* _Problem description_
Which lines of the data contain the string "lemma"? Copy every one.

* _Given data_

lemma Ubasis_definite: "fst (Ubasis \<eta> a) = 2" "det2 (snd (Ubasis \<eta> a) 0) (snd (Ubasis \<eta> a) 1) \<noteq> 0"
proof -
  have U: "Uset \<eta> a = UNIV" using definite by (auto simp: Uset_def Vset_def)
  have "cbasis (Uset \<eta> a) (fst (Ubasis \<eta> a)) (snd (Ubasis \<eta> a))"
    by (rule cbasis_Ubasis) (use cbasis_UNIV in \<open>simp only: U\<close>)
  then show "fst (Ubasis \<eta> a) = 2" "det2 (snd (Ubasis \<eta> a) 0) (snd (Ubasis \<eta> a) 1) \<noteq> 0"
    unfolding U by (rule cbasis_UNIV_card)+
qed

lemma Fle_definite:
  assumes "psd_herm_form t" "psd_herm_form s"
  shows "Fle \<eta> a t s \<longleftrightarrow> Re (form_det t) \<le> Re (form_det s)"
proof -
  obtain e where e: "Ubasis \<eta> a = (2, e)" "det2 (e 0) (e 1) \<noteq> 0"
    using Ubasis_definite by (metis prod.collapse)
  have "Re (gram_det r 2 e) = (cmod (det2 (e 0) (e 1)))\<^sup>2 * Re (form_det r)" if "psd_herm_form r" for r
    unfolding gram_det_2 psd_gram_det2[OF that] complex_norm_square[symmetric] by simp
  then show ?thesis using assms e by (simp add: Fle_def)
qed

lemma Fset_form_det_pos: "\<exists>s\<in>Fset \<eta> a. 0 < Re (form_det s)"
proof -
  obtain c where c: "c > 0" "\<forall>Z. c * norm Z \<le> hat \<eta> a Z"
    using cseminorm_definite_ge_norm[OF cseminorm_hat[OF pm aD] definite] by blast
  define s where "s Z W = complex_of_real (c\<^sup>2) * herm Z W" for Z W
  have "psd_herm_form herm"
    unfolding psd_herm_form_def by (simp add: herm_def sum_2 herm_self[unfolded herm_def sum_2] algebra_simps)
  then have "psd_herm_form s" unfolding s_def by (rule psd_herm_form_scale) simp
  moreover have "Re (s Z Z) \<le> (hat \<eta> a Z)\<^sup>2" for Z
  proof -
    have "Re (s Z Z) = (c * norm Z)\<^sup>2" by (simp add: s_def herm_self power_mult_distrib)
    also have "\<dots> \<le> (hat \<eta> a Z)\<^sup>2" using c by (intro power_mono) auto
    finally show ?thesis .
  qed
  ultimately have "s \<in> Fset \<eta> a" unfolding Fset_iff_hat[OF pm aD] by blast
  moreover have "Re (form_det s) = c^4"
    by (simp add: form_det_def s_def herm_def sum_2 power2_eq_square power4_eq_xxxx)
  ultimately show ?thesis using c(1) by (metis zero_less_power)
qed
lemma leaf_region_Diff_first_edge:
  assumes M: "matching_on S M" and T: "leaf_region S M T" "T \<noteq> {}" and cd: "{Min T, d} \<in> M"
  shows "leaf_region S M (T - {Min T, d})"
proof -
  note first = leaf_region_first_edge[OF assms]
  have convex: "convex_in S T" and closed: "\<And>x y. x \<in> T \<Longrightarrow> {x, y} \<in> M \<Longrightarrow> y \<in> T \<and> gap S x y = {}"
    using T(1) unfolding leaf_region_def by blast+
  have "convex_in S (T - {Min T, d})"
    unfolding convex_in_def
  proof (intro conjI ballI impI)
    show "T - {Min T, d} \<subseteq> S"
      using convex unfolding convex_in_def by blast
  next
    fix x a b assume x: "x \<in> S" "a \<le> x" "x \<le> b" and ab: "a \<in> T - {Min T, d}" "b \<in> T - {Min T, d}"
    have "x \<in> T"
      using convex x ab unfolding convex_in_def by blast
    moreover have "d < x"
      using first(3) ab(1) x(2) by (meson less_le_trans)
    ultimately show "x \<in> T - {Min T, d}"
      using first(1) by simp
  qed
  moreover have "y \<notin> {Min T, d}" if "x \<in> T - {Min T, d}" "{x, y} \<in> M" for x y
  proof
    assume "y \<in> {Min T, d}"
    then consider "y = Min T" | "y = d"
      by blast
    then show False
    proof cases
      case 1
      then have "x = d"
        using matching_on_partner_unique[OF M, of "Min T" x d] that(2) cd by (simp add: insert_commute)
      then show False
        using that(1) by simp
    next
      case 2
      then have "x = Min T"
        using matching_on_partner_unique[OF M, of d x "Min T"] that(2) cd by (simp add: insert_commute)
      then show False
        using that(1) by simp
    qed
  qed
  ultimately show ?thesis
    using T(1) closed unfolding leaf_region_def by blast
qed

definition consecutive4 :: "nat set \<Rightarrow> nat \<Rightarrow> nat \<Rightarrow> nat \<Rightarrow> nat \<Rightarrow> bool" where
  "consecutive4 S a b c d \<longleftrightarrow> a < b \<and> b < c \<and> c < d \<and> {x\<in>S. a \<le> x \<and> x \<le> d} = {a, b, c, d}"

lemma convex_in_consecutive4:
  assumes "consecutive4 S a b c d"
  shows "convex_in S {a, b, c, d}"
proof -
  have "{a, b, c, d} = {x\<in>S. a \<le> x \<and> x \<le> d}"
    using assms unfolding consecutive4_def by simp
  then show ?thesis
    unfolding convex_in_def by auto
qed

lemma leaf_region_parallel_block:
  assumes M: "matching_on S M" and T: "leaf_region S M T"
    and cd: "{Min T, d} \<in> M" and rest: "T - {Min T, d} \<noteq> {}"
  shows "\<exists>a b c d. consecutive4 S a b c d \<and> {{a, b}, {c, d}} \<subseteq> M"
proof -
  define T' where "T' = T - {Min T, d}"
  have "T \<noteq> {}"
    using rest by blast
  note first = leaf_region_first_edge[OF M T this cd]
  have T': "leaf_region S M T'"
    unfolding T'_def using leaf_region_Diff_first_edge[OF M T \<open>T \<noteq> {}\<close> cd] .
  have TS: "T \<subseteq> S" and convex: "convex_in S T" and fin': "finite T'"
    using T T' unfolding leaf_region_def convex_in_def by blast+
  have "Min T \<in> T"
    using T \<open>T \<noteq> {}\<close> unfolding leaf_region_def by simp
  have c'T': "Min T' \<in> T'"
    using Min_in[OF fin'] rest unfolding T'_def by blast
  then obtain d' where c'd': "{Min T', d'} \<in> M"
    using matching_on_partner[OF M] TS unfolding T'_def by blast
  have "T' \<noteq> {}"
    using c'T' by blast
  note second = leaf_region_first_edge[OF M T' this c'd']
  have "d < Min T'"
    using first(3) c'T' unfolding T'_def by blast
  moreover have "{x\<in>S. Min T \<le> x \<and> x \<le> d'} = {Min T, d, Min T', d'}"
  proof
    show "{x\<in>S. Min T \<le> x \<and> x \<le> d'} \<subseteq> {Min T, d, Min T', d'}"
    proof
      fix x assume x: "x \<in> {x\<in>S. Min T \<le> x \<and> x \<le> d'}"
      have "d' \<in> T"
        using second(2) unfolding T'_def by blast
      then have "x \<in> T"
        using convex x \<open>Min T \<in> T\<close> unfolding convex_in_def by blast
      show "x \<in> {Min T, d, Min T', d'}"
      proof (rule ccontr)
        assume "x \<notin> {Min T, d, Min T', d'}"
        then have "x \<in> T' - {Min T', d'}"
          using \<open>x \<in> T\<close> unfolding T'_def by blast
        then have "d' < x"
          using second(3) by blast
        then show False
          using x by simp
      qed
    qed
    show "{Min T, d, Min T', d'} \<subseteq> {x\<in>S. Min T \<le> x \<and> x \<le> d'}"
      using first second c'T' \<open>d < Min T'\<close> TS \<open>Min T \<in> T\<close> unfolding T'_def by auto
  qed
  ultimately have "consecutive4 S (Min T) d (Min T') d'"
    using first(1) second(1) c'T' unfolding consecutive4_def by blast
  then show ?thesis
    using cd c'd' by blast
qed

lemma exists_leaf_region:
  assumes M: "matching_on S M" and fin: "finite S" and ne: "S \<noteq> {}"
  obtains T where "leaf_region S M T" "T \<noteq> {}" "T = S \<or> (\<exists>a b. {a, b} \<in> M \<and> T = gap S a b)"
proof -
  \<comment> \<open>An edge with a nonempty gap inside a least region would bound a smaller region.\<close>
  define regions where
    "regions = {T. T \<noteq> {} \<and> (T = S \<or> (\<exists>a b. {a, b} \<in> M \<and> T = gap S a b))}"
  have "S \<in> regions"
    using ne unfolding regions_def by blast
  then obtain T where T: "T \<in> regions" and least: "\<And>T'. T' \<in> regions \<Longrightarrow> card T \<le> card T'"
    using ex_has_least_nat[of "\<lambda>T. T \<in> regions" S card] by blast
  have convex: "convex_in S T"
    using T convex_in_gap convex_in_refl unfolding regions_def by auto
  have finT: "finite T"
    using convex fin unfolding convex_in_def by (blast intro: finite_subset)
  have closed: "y \<in> T" if "x \<in> T" "{x, y} \<in> M" for x y
    using T that matching_on_mem[OF M] matching_on_partner_in_gap[OF M] unfolding regions_def by blast
  have leaf: "gap S x y = {}" if "x \<in> T" "{x, y} \<in> M" for x y
  proof (rule ccontr)
    assume "gap S x y \<noteq> {}"
    with that have "gap S x y \<in> regions"
      unfolding regions_def by blast
    moreover have "gap S x y \<subset> T"
      using gap_subset_if_convex_in[OF convex that(1) closed[OF that]] that(1)
      unfolding gap_def by blast
    ultimately show False
      using least psubset_card_mono[OF finT] by (meson not_le)
  qed
  show thesis
    using that[of T] T finT convex closed leaf unfolding leaf_region_def regions_def by blast
qed
section \<open>Moments of the fractional part and the Stieltjes constants\<close>

definition stieltjes_partial :: "nat \<Rightarrow> nat \<Rightarrow> real" where
  "stieltjes_partial j N = (\<Sum>k=1..N. ln (real k) ^ j / real k) - ln (real N) ^ (j + 1) / real (j + 1)"

lemma stieltjes_eq_lim: "stieltjes j = lim (stieltjes_partial j)"
  unfolding stieltjes_def stieltjes_partial_def by simp

lemma stieltjes_partial_Suc:
  "(stieltjes_partial i (Suc N) - stieltjes_partial i N) / fact i
    = ln (real N + 1) ^ i / fact i / (real N + 1)
      - ln (real N + 1) ^ (i + 1) / fact (i + 1) + ln (real N) ^ (i + 1) / fact (i + 1)"
proof -
  have "stieltjes_partial i (Suc N) - stieltjes_partial i N
      = ln (real N + 1) ^ i / (real N + 1) - ln (real N + 1) ^ (i + 1) / real (i + 1)
        + ln (real N) ^ (i + 1) / real (i + 1)"
    by (simp add: stieltjes_partial_def add.commute)
  moreover have "fact (i + 1) = real (i + 1) * (fact i :: real)"
    by simp
  ultimately show ?thesis
    by (simp add: diff_divide_distrib add_divide_distrib del: fact_Suc of_nat_Suc)
qed

text \<open>Equals the integral of \<open>{x} log\<^sup>p x / x\<^sup>2\<close> over \<open>[1, N]\<close> (\<open>has_integral_frac_ln_moment\<close>).\<close>
definition frac_moment_partial :: "nat \<Rightarrow> nat \<Rightarrow> real" where
  "frac_moment_partial p N = fact p - fact p * (\<Sum>i\<le>p. stieltjes_partial i N / fact i)"
lemma fbl_rat_approximable_binop:
  fixes op :: "real \<Rightarrow> real \<Rightarrow> real" and f g :: "('a::distrib_lattice \<Rightarrow> real) \<Rightarrow> real"
  assumes lipschitz: "\<And>x y u v. \<bar>op x y - op u v\<bar> \<le> \<bar>x - u\<bar> + \<bar>y - v\<bar>"
    and closed: "\<And>q q' :: ('a \<Rightarrow> real) \<Rightarrow> real. q \<in> fbl_gen_rat \<Longrightarrow> q' \<in> fbl_gen_rat \<Longrightarrow>
      (\<lambda>\<phi>. op (q \<phi>) (q' \<phi>)) \<in> fbl_gen_rat"
    and "fbl_rat_approximable f" "fbl_rat_approximable g"
  shows "fbl_rat_approximable (\<lambda>\<phi>. op (f \<phi>) (g \<phi>))"
  unfolding fbl_rat_approximable_def
proof (intro allI impI)
  fix e :: real assume "e > 0"
  then have "e/2 > 0" by simp
  then obtain q q' where q: "q \<in> fbl_gen_rat" "fbl_norm (\<lambda>\<phi>. f \<phi> - q \<phi>) \<le> ereal (e/2)"
    and q': "q' \<in> fbl_gen_rat" "fbl_norm (\<lambda>\<phi>. g \<phi> - q' \<phi>) \<le> ereal (e/2)"
    using assms(3,4) unfolding fbl_rat_approximable_def by blast
  have "fbl_norm (\<lambda>\<phi>. op (f \<phi>) (g \<phi>) - op (q \<phi>) (q' \<phi>)) \<le> ereal (e/2 + e/2)"
    by (rule fbl_norm_le_add[OF _ q(2) q'(2)]) (rule lipschitz)
  then show "\<exists>h\<in>fbl_gen_rat. fbl_norm (\<lambda>\<phi>. op (f \<phi>) (g \<phi>) - h \<phi>) \<le> ereal e"
    using closed[OF q(1) q'(1)] by auto
qed
(* For all finite multisets $\Gamma,\Delta$ of ${\sf Frm_2}$-formulas: $\Gamma\Rightarrow\Delta$ is derivable in ${\sf GWF_{N_2}}$ if and only if $\Gamma^\square\Rightarrow\Delta^\square$ is derivable in ${\sf G3M_{Nec}}$.
   Context: Language: countably many atoms $p,q,\dots$, the constant $\bot$, and binary connectives $\wedge,\vee,\rightarrow$ ($\rightarrow$ is strict implication). ${\sf Frm}$ is the set of formulas built from atoms and $\bot$ with $\wedge,\vee,\rightarrow$; $A,B,C,D$ range over ${\sf Frm}$. Let $\supset$ be a new binary symbol (material implication) and ${\sf Frm_1}={\sf Frm}\cup\{A\supset B : A,B\in{\sf Frm}\}$ (no nesting of $\supset$). ${\sf Frm_2}$ is the smallest set containing ${\sf Frm_1}$ and closed under $\wedge$ and $\vee$; $X,Y$ range over ${\sf Frm_2}$. A sequent is $\Gamma\Rightarrow\Delta$ with $\Gamma,\Delta$ finite multisets of ${\sf Frm_2}$-formulas. The calculus ${\sf GWF_{N_2}}$ has initial sequents $(id)$ $p,\Gamma\Rightarrow\Delta,p$ ($p$ an atom) and $(L_\bot)$ $\bot,\Gamma\Rightarrow\Delta$, and rules (premises / conclusion): $(L_\wedge)$ $X,Y,\Gamma\Rightarrow\Delta$ / $X\wedge Y,\Gamma\Rightarrow\Delta$; $(R_\wedge)$ $\Gamma\Rightarrow\Delta,X$ and $\Gamma\Rightarrow\Delta,Y$ / $\Gamma\Rightarrow\Delta,X\wedge Y$; $(L_\vee)$ $X,\Gamma\Rightarrow\Delta$ and $Y,\Gamma\Rightarrow\Delta$ / $X\vee Y,\Gamma\Rightarrow\Delta$; $(R_\vee)$ $\Gamma\Rightarrow\Delta,X,Y$ / $\Gamma\Rightarrow\Delta,X\vee Y$; $(L_\supset)$ $\Gamma\Rightarrow\Delta,A$ and $B,\Gamma\Rightarrow\Delta$ / $A\supset B,\Gamma\Rightarrow\Delta$; $(R_\supset)$ $A,\Gamma\Rightarrow\Delta,B$ / $\Gamma\Rightarrow\Delta,A\supset B$; $(LR_\rightarrow)$ $C\supset D,A\Rightarrow B$ / $\Gamma,C\rightarrow D\Rightarrow\Delta,A\rightarrow B$; $(R_\rightarrow)$ $A\Rightarrow B$ / $\Gamma\Rightarrow\Delta,A\rightarrow B$. Here $A,B,C,D\in{\sf Frm}$, $X,Y\in{\sf Frm_2}$, and $\Gamma,\Delta$ are arbitrary finite multisets of ${\sf Frm_2}$-formulas. The modal language $\mathcal{L}_\square$ has atoms, $\bot$, binary $\wedge,\vee,\supset$ and unary $\square$. The sequent calculus ${\sf G3M_{Nec}}$ (sequents $\Gamma\Rightarrow\Delta$ of finite multisets of $\mathcal{L}_\square$-formulas; here $A,B$ are arbitrary $\mathcal{L}_\square$-formulas) has initial sequents $p,\Gamma\Rightarrow\Delta,p$ ($p$ an atom) and $\bot,\Gamma\Rightarrow\Delta$; rules: $A,B,\Gamma\Rightarrow\Delta$ / $A\wedge B,\Gamma\Rightarrow\Delta$; $\Gamma\Rightarrow\Delta,A$ and $\Gamma\Rightarrow\Delta,B$ / $\Gamma\Rightarrow\Delta,A\wedge B$; $A,\Gamma\Rightarrow\Delta$ and $B,\Gamma\Rightarrow\Delta$ / $A\vee B,\Gamma\Rightarrow\Delta$; $\Gamma\Rightarrow\Delta,A,B$ / $\Gamma\Rightarrow\Delta,A\vee B$; $\Gamma\Rightarrow\Delta,A$ and $B,\Gamma\Rightarrow\Delta$ / $A\supset B,\Gamma\Rightarrow\Delta$; $A,\Gamma\Rightarrow\Delta,B$ / $\Gamma\Rightarrow\Delta,A\supset B$; $(LR_{M_\square})$ $A\Rightarrow B$ / $\square A,\Gamma\Rightarrow\Delta,\square B$; $(R_{N_\square})$ $\Rightarrow B$ / $\Gamma\Rightarrow\Delta,\square B$. The $\square$-translation from formulas built with $\wedge,\vee,\rightarrow,\supset,\bot$ into $\mathcal{L}_\square$ is: $p^\square=p$, $\bot^\square=\bot$, $(A\circ B)^\square=A^\square\circ B^\square$ for $\circ\in\{\wedge,\vee,\supset\}$, $(A\rightarrow B)^\square=\square(A^\square\supset B^\square)$; for a multiset $\Gamma$, $\Gamma^\square=\{A^\square : A\in\Gamma\}$ (as a multiset). *)

theory Defs
  imports Main "HOL-Library.Multiset"
begin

* _Output of the exercise_
lemma Ubasis_definite: "fst (Ubasis \<eta> a) = 2" "det2 (snd (Ubasis \<eta> a) 0) (snd (Ubasis \<eta> a) 1) \<noteq> 0"
lemma Fle_definite:
lemma Fset_form_det_pos: "\<exists>s\<in>Fset \<eta> a. 0 < Re (form_det s)"
lemma leaf_region_Diff_first_edge:
lemma convex_in_consecutive4:
lemma leaf_region_parallel_block:
lemma exists_leaf_region:
lemma stieltjes_eq_lim: "stieltjes j = lim (stieltjes_partial j)"
lemma stieltjes_partial_Suc:
lemma fbl_rat_approximable_binop:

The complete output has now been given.